RECORDS TO USE →

lemma inner_le_dual_norm_mult:
  assumes v: "v \<in> blkspace B i"
  shows "a \<bullet> v \<le> dual_norm B i nm a * nm v"
proof (cases "v = 0")
  case True
  then show ?thesis by (simp add: block_norm_zero)
next
  case False
  obtain m where m: "m > 0" "\<And>t. t \<in> blkspace B i \<Longrightarrow> m * norm t \<le> nm t"
    using block_norm_ge_norm by blast
  have "a \<bullet> t \<le> norm a / m" if "t \<in> blkspace B i" "nm t = 1" for t
  proof -
    have "a \<bullet> t \<le> norm a * norm t" by (rule norm_cauchy_schwarz)
    also have "\<dots> \<le> norm a * (1 / m)"
      using m(1) m(2)[OF that(1)] that(2) by (intro mult_left_mono) (auto simp: field_simps)
    finally show ?thesis by simp
  qed
  then have bdd: "bdd_above {a \<bullet> t | t. t \<in> blkspace B i \<and> nm t = 1}"
    by (intro bdd_aboveI) blast
  have pos: "0 < nm v" using block_norm_pos[OF v False] .
  have "v /\<^sub>R nm v \<in> blkspace B i" "nm (v /\<^sub>R nm v) = 1"
    using v pos subspace_scale[OF subspace_blkspace] by (auto simp: block_norm_scaleR)
  then have "a \<bullet> (v /\<^sub>R nm v) \<le> dual_norm B i nm a"
    unfolding dual_norm_def by (intro cSup_upper[OF _ bdd]) blast
  then show ?thesis using pos by (simp add: field_simps)
qed

end


lemma block_descent:
  fixes f :: "real^'n::finite \<Rightarrow> real"
  assumes block_norm: "is_block_norm B i nm"
    and grad: "\<And>x. (f has_derivative (\<lambda>h. g x \<bullet> h)) (at x)"
    and lip: "\<And>x t. t \<in> blkspace B i \<Longrightarrow>
               dual_norm B i nm (blk B i (g (x + t)) - blk B i (g x)) \<le> L * nm t"
    and v: "v \<in> blkspace B i"
  shows "f (x + v) \<le> f x + g x \<bullet> v + L / 2 * (nm v)\<^sup>2"
proof -
  define \<phi> where "\<phi> \<tau> = f (x + \<tau> *\<^sub>R v) - \<tau> * (g x \<bullet> v) - L / 2 * \<tau>\<^sup>2 * (nm v)\<^sup>2" for \<tau>
  define \<phi>' where "\<phi>' \<tau> = g (x + \<tau> *\<^sub>R v) \<bullet> v - g x \<bullet> v - L * \<tau> * (nm v)\<^sup>2" for \<tau>
  have der: "(\<phi> has_real_derivative \<phi>' \<tau>) (at \<tau>)" for \<tau>
  proof -
    have "((\<lambda>\<tau>. f (x + \<tau> *\<^sub>R v)) has_derivative (\<lambda>h. g (x + \<tau> *\<^sub>R v) \<bullet> (h *\<^sub>R v))) (at \<tau>)"
      by (rule has_derivative_compose[OF _ grad]) (auto intro!: derivative_eq_intros)
    then have "((\<lambda>\<tau>. f (x + \<tau> *\<^sub>R v)) has_real_derivative (g (x + \<tau> *\<^sub>R v) \<bullet> v)) (at \<tau>)"
      unfolding has_field_derivative_def by (rule has_derivative_eq_rhs) (auto simp: fun_eq_iff)
    then show ?thesis
      unfolding \<phi>_def \<phi>'_def by (auto intro!: derivative_eq_intros)
  qed
  have "\<phi>' \<tau> \<le> 0" if "0 < \<tau>" for \<tau>
  proof -
    have \<tau>v: "\<tau> *\<^sub>R v \<in> blkspace B i"
      using v by (rule subspace_scale[OF subspace_blkspace])
    have "g (x + \<tau> *\<^sub>R v) \<bullet> v - g x \<bullet> v = (blk B i (g (x + \<tau> *\<^sub>R v)) - blk B i (g x)) \<bullet> v"
      using inner_blk_left[OF v] by (simp add: inner_diff_left)
    also have "\<dots> \<le> dual_norm B i nm (blk B i (g (x + \<tau> *\<^sub>R v)) - blk B i (g x)) * nm v"
      by (rule inner_le_dual_norm_mult[OF block_norm v])
    also have "\<dots> \<le> L * nm (\<tau> *\<^sub>R v) * nm v"
      by (intro mult_right_mono lip \<tau>v block_norm_nonneg[OF block_norm v])
    also have "\<dots> = L * \<tau> * (nm v)\<^sup>2"
      using block_norm_scaleR[OF block_norm v, of \<tau>] that by (simp add: power2_eq_square)
    finally show ?thesis by (simp add: \<phi>'_def)
  qed
  then have "\<phi> 1 \<le> \<phi> 0"
    using der
    by (intro DERIV_nonpos_imp_decreasing_open[of 0 1])
       (auto intro: DERIV_isCont continuous_at_imp_continuous_on)
  then show ?thesis unfolding \<phi>_def by simp
qed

WORK ORDER → Give the data again in full, keeping every line as it was.

THE ANSWER →
lemma inner_le_dual_norm_mult:
  assumes v: "v \<in> blkspace B i"
  shows "a \<bullet> v \<le> dual_norm B i nm a * nm v"
proof (cases "v = 0")
  case True
  then show ?thesis by (simp add: block_norm_zero)
next
  case False
  obtain m where m: "m > 0" "\<And>t. t \<in> blkspace B i \<Longrightarrow> m * norm t \<le> nm t"
    using block_norm_ge_norm by blast
  have "a \<bullet> t \<le> norm a / m" if "t \<in> blkspace B i" "nm t = 1" for t
  proof -
    have "a \<bullet> t \<le> norm a * norm t" by (rule norm_cauchy_schwarz)
    also have "\<dots> \<le> norm a * (1 / m)"
      using m(1) m(2)[OF that(1)] that(2) by (intro mult_left_mono) (auto simp: field_simps)
    finally show ?thesis by simp
  qed
  then have bdd: "bdd_above {a \<bullet> t | t. t \<in> blkspace B i \<and> nm t = 1}"
    by (intro bdd_aboveI) blast
  have pos: "0 < nm v" using block_norm_pos[OF v False] .
  have "v /\<^sub>R nm v \<in> blkspace B i" "nm (v /\<^sub>R nm v) = 1"
    using v pos subspace_scale[OF subspace_blkspace] by (auto simp: block_norm_scaleR)
  then have "a \<bullet> (v /\<^sub>R nm v) \<le> dual_norm B i nm a"
    unfolding dual_norm_def by (intro cSup_upper[OF _ bdd]) blast
  then show ?thesis using pos by (simp add: field_simps)
qed

end


lemma block_descent:
  fixes f :: "real^'n::finite \<Rightarrow> real"
  assumes block_norm: "is_block_norm B i nm"
    and grad: "\<And>x. (f has_derivative (\<lambda>h. g x \<bullet> h)) (at x)"
    and lip: "\<And>x t. t \<in> blkspace B i \<Longrightarrow>
               dual_norm B i nm (blk B i (g (x + t)) - blk B i (g x)) \<le> L * nm t"
    and v: "v \<in> blkspace B i"
  shows "f (x + v) \<le> f x + g x \<bullet> v + L / 2 * (nm v)\<^sup>2"
proof -
  define \<phi> where "\<phi> \<tau> = f (x + \<tau> *\<^sub>R v) - \<tau> * (g x \<bullet> v) - L / 2 * \<tau>\<^sup>2 * (nm v)\<^sup>2" for \<tau>
  define \<phi>' where "\<phi>' \<tau> = g (x + \<tau> *\<^sub>R v) \<bullet> v - g x \<bullet> v - L * \<tau> * (nm v)\<^sup>2" for \<tau>
  have der: "(\<phi> has_real_derivative \<phi>' \<tau>) (at \<tau>)" for \<tau>
  proof -
    have "((\<lambda>\<tau>. f (x + \<tau> *\<^sub>R v)) has_derivative (\<lambda>h. g (x + \<tau> *\<^sub>R v) \<bullet> (h *\<^sub>R v))) (at \<tau>)"
      by (rule has_derivative_compose[OF _ grad]) (auto intro!: derivative_eq_intros)
    then have "((\<lambda>\<tau>. f (x + \<tau> *\<^sub>R v)) has_real_derivative (g (x + \<tau> *\<^sub>R v) \<bullet> v)) (at \<tau>)"
      unfolding has_field_derivative_def by (rule has_derivative_eq_rhs) (auto simp: fun_eq_iff)
    then show ?thesis
      unfolding \<phi>_def \<phi>'_def by (auto intro!: derivative_eq_intros)
  qed
  have "\<phi>' \<tau> \<le> 0" if "0 < \<tau>" for \<tau>
  proof -
    have \<tau>v: "\<tau> *\<^sub>R v \<in> blkspace B i"
      using v by (rule subspace_scale[OF subspace_blkspace])
    have "g (x + \<tau> *\<^sub>R v) \<bullet> v - g x \<bullet> v = (blk B i (g (x + \<tau> *\<^sub>R v)) - blk B i (g x)) \<bullet> v"
      using inner_blk_left[OF v] by (simp add: inner_diff_left)
    also have "\<dots> \<le> dual_norm B i nm (blk B i (g (x + \<tau> *\<^sub>R v)) - blk B i (g x)) * nm v"
      by (rule inner_le_dual_norm_mult[OF block_norm v])
    also have "\<dots> \<le> L * nm (\<tau> *\<^sub>R v) * nm v"
      by (intro mult_right_mono lip \<tau>v block_norm_nonneg[OF block_norm v])
    also have "\<dots> = L * \<tau> * (nm v)\<^sup>2"
      using block_norm_scaleR[OF block_norm v, of \<tau>] that by (simp add: power2_eq_square)
    finally show ?thesis by (simp add: \<phi>'_def)
  qed
  then have "\<phi> 1 \<le> \<phi> 0"
    using der
    by (intro DERIV_nonpos_imp_decreasing_open[of 0 1])
       (auto intro: DERIV_isCont continuous_at_imp_continuous_on)
  then show ?thesis unfolding \<phi>_def by simp
qed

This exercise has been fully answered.